LPK Jepang di NTB akan membentuk Forum jejaring Pemagangan khusus industri Jepang.
Dalam rangka memperluas akses tenaga kerja NTB ke pasar kerja Jepang melalui program pemagangan serta kerja sama antar-lembaga yang kuat dan terstruktur, Dinas Tenaga Kerja dan Transmigrasi Provinsi NTB menggelar Rapat Koordinasi Pembentukan Forum Komunikasi Jejaring Pemagangan (FKJP) Jepang di Aula Disnakertrans, pada Jumat (01/11/2024).

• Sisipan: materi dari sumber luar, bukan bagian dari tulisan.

(* Let $n\ge2$ and $U=\exp\!\big(i\frac{\pi}{3\sqrt3}\sum_{j=1}^n j\,(X_j+Y_j+Z_j)\big)$. Then the map $a\mapsto UaU^\dagger$ restricts to a Lie algebra isomorphism from $\mathfrak a_{10}(n)$ onto $\mathfrak a_7(n)$.
   Context: Pauli matrices $I,X,Y,Z$; $A_j$ is $A$ acting on qubit $j$ (identity elsewhere); $A_jB_{j+1}$ denotes the length-$n$ Pauli string with $A$ at position $j$, $B$ at $j+1$, $I$ elsewhere. For a set $S$ of Pauli strings, $\mathrm{Lie}\langle S\rangle$ is the smallest real Lie subalgebra of $\mathfrak u(2^n)$ containing $\{iP:P\in S\}$. $\mathfrak a_{10}(n)=\mathrm{Lie}\langle X_jY_{j+1},Y_jZ_{j+1},Z_jX_{j+1}:1\le j\le n-1\rangle$ and $\mathfrak a_7(n)=\mathrm{Lie}\langle X_jX_{j+1},Y_jY_{j+1},Z_jZ_{j+1}:1\le j\le n-1\rangle$. *)

theory Defs
  imports "Jordan_Normal_Form.Matrix" Complex_Main
begin

datatype pauli = PI | PX | PY | PZ

fun pauli_entry :: "pauli \<Rightarrow> nat \<Rightarrow> nat \<Rightarrow> complex" where
  "pauli_entry PI r c = (if r = c then 1 else 0)"
| "pauli_entry PX r c = (if r \<noteq> c then 1 else 0)"
| "pauli_entry PY r c = (if r = c then 0 else if r = 0 then - \<i> else \<i>)"
| "pauli_entry PZ r c = (if r = c then (if r = 0 then 1 else -1) else 0)"

text \<open>Bit of basis index k belonging to qubit j (1 \<le> j \<le> n); qubit 1 is the most significant
  tensor factor.\<close>
definition qbit :: "nat \<Rightarrow> nat \<Rightarrow> nat \<Rightarrow> nat" where
  "qbit n j k = (k div 2 ^ (n - j)) mod 2"

text \<open>The Pauli string (tensor product) with label p j at position j, for j = 1..n,
  as a 2^n x 2^n complex matrix.\<close>
definition pauli_string :: "nat \<Rightarrow> (nat \<Rightarrow> pauli) \<Rightarrow> complex mat" where
  "pauli_string n p = mat (2 ^ n) (2 ^ n)
     (\<lambda>(r, c). \<Prod>j\<in>{1..n}. pauli_entry (p j) (qbit n j r) (qbit n j c))"

definition single :: "nat \<Rightarrow> pauli \<Rightarrow> nat \<Rightarrow> complex mat" where
  "single n A j = pauli_string n (\<lambda>k. if k = j then A else PI)"

definition two_site :: "nat \<Rightarrow> pauli \<Rightarrow> pauli \<Rightarrow> nat \<Rightarrow> complex mat" where
  "two_site n A B j = pauli_string n (\<lambda>k. if k = j then A else if k = j + 1 then B else PI)"

definition commutator :: "complex mat \<Rightarrow> complex mat \<Rightarrow> complex mat" where
  "commutator a b = a * b - b * a"

text \<open>Smallest set of N x N complex matrices containing G that is a real subspace
  closed under the commutator bracket (i.e. the real Lie algebra generated by G).\<close>
inductive_set lie_closure :: "nat \<Rightarrow> complex mat set \<Rightarrow> complex mat set"
  for N :: nat and G :: "complex mat set" where
  gen: "a \<in> G \<Longrightarrow> a \<in> lie_closure N G"
| zero: "0\<^sub>m N N \<in> lie_closure N G"
| add: "a \<in> lie_closure N G \<Longrightarrow> b \<in> lie_closure N G \<Longrightarrow> a + b \<in> lie_closure N G"
| smult: "a \<in> lie_closure N G \<Longrightarrow> complex_of_real r \<cdot>\<^sub>m a \<in> lie_closure N G"
| bracket: "a \<in> lie_closure N G \<Longrightarrow> b \<in> lie_closure N G \<Longrightarrow> commutator a b \<in> lie_closure N G"

definition pauli_lie :: "nat \<Rightarrow> complex mat set \<Rightarrow> complex mat set" where
  "pauli_lie n S = lie_closure (2 ^ n) ((\<lambda>P. \<i> \<cdot>\<^sub>m P) ` S)"

definition a10 :: "nat \<Rightarrow> complex mat set" where
  "a10 n = pauli_lie n (\<Union>j\<in>{1..n-1}.
      {two_site n PX PY j, two_site n PY PZ j, two_site n PZ PX j})"

definition a7 :: "nat \<Rightarrow> complex mat set" where
  "a7 n = pauli_lie n (\<Union>j\<in>{1..n-1}.
      {two_site n PX PX j, two_site n PY PY j, two_site n PZ PZ j})"

definition mat_exp :: "complex mat \<Rightarrow> complex mat" where
  "mat_exp A = mat (dim_row A) (dim_col A) (\<lambda>(i, j). \<Sum>k. (A ^\<^sub>m k) $$ (i, j) / of_nat (fact k))"

definition adjoint :: "complex mat \<Rightarrow> complex mat" where
  "adjoint A = mat (dim_col A) (dim_row A) (\<lambda>(i, j). cnj (A $$ (j, i)))"

definition mat_sum :: "nat \<Rightarrow> nat \<Rightarrow> (nat \<Rightarrow> complex mat) \<Rightarrow> complex mat" where
  "mat_sum N n f = foldr (\<lambda>j acc. f j + acc) [1..<Suc n] (0\<^sub>m N N)"

definition U_gate :: "nat \<Rightarrow> complex mat" where
  "U_gate n = mat_exp ((\<i> * complex_of_real (pi / (3 * sqrt 3))) \<cdot>\<^sub>m
      mat_sum (2 ^ n) n (\<lambda>j. of_nat j \<cdot>\<^sub>m (single n PX j + single n PY j + single n PZ j)))"

end

theory Submission
  imports Defs
begin

text \<open>The single-qubit operator S = X + Y + Z has eigenvalues \<plusminus>\<surd>3, so C = exp (i\<pi>/(3\<surd>3) S) has
  eigenvalues e^(\<plusminus>i\<pi>/3) on the same eigenvectors; C is the Clifford gate that permutes the Pauli
  matrices cyclically under conjugation, X \<mapsto> Z \<mapsto> Y \<mapsto> X. The summands of the exponent of U act on
  different qubits and are diagonalised simultaneously by the tensor power of an eigenbasis of S, hence
  U = C^1 \<otimes> C^2 \<otimes> ... \<otimes> C^n. Conjugation by U therefore sends A_j B_(j+1) to C^j(A)_j C^(j+1)(B)_(j+1),
  which maps the generators X_j Y_(j+1), Y_j Z_(j+1), Z_j X_(j+1) of a10 onto the generators
  P_j P_(j+1) of a7. Being conjugation by a unitary, it is an injective Lie algebra homomorphism, and such
  a map sends the Lie algebra generated by a set onto the Lie algebra generated by its image.\<close>

lemma qbit_less_2 [simp]: "qbit n j k < 2"
  by (simp add: qbit_def)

Kegiatan ini diikuti oleh 34 Lembaga Pelatihan Kerja (LPK) di NTB, di mana 14 LPK sudah memiliki izin Sending Organization (SO). SO ini merupakan izin resmi dari Kementerian Ketenagakerjaan bagi LPK untuk mengirimkan tenaga kerja atau peserta magang ke negara penempatan.
Kepala Dinas Tenaga Kerja dan Transmigrasi Provinsi NTB, I Gede Putu Aryadi, S.Sos., M.H., saat membuka kegiatan tersebut menyampaikan bahwa penempatan kerja di Jepang memiliki regulasi yang sangat ketat dan berbeda karena tidak ada penempatan perusahaan ke perusahaan atau private to private (P to P). Penempatan ke Jepang hanya ada melalui jalur G to G (Government to Government), atau penempatan mandiri di mana perusahaan Jepang membuka kesempatan kerja dan pencari kerja melamar langsung.
Aryadi mengungkapkan bahwa Disnakertrans Provinsi NTB saat ini juga sedang menyelenggarakan Pelatihan Daerah (Pelatda) bagi peserta magang Jepang, sebuah program kerja sama antara Kementerian Ketenagakerjaan Republik Indonesia dan IM Japan yang digelar oleh Disnakertrans NTB serta DPD Ikapeksi NTB. Pada bulan September lalu, pihaknya juga telah melakukan seleksi kedua untuk tahun 2024 ini.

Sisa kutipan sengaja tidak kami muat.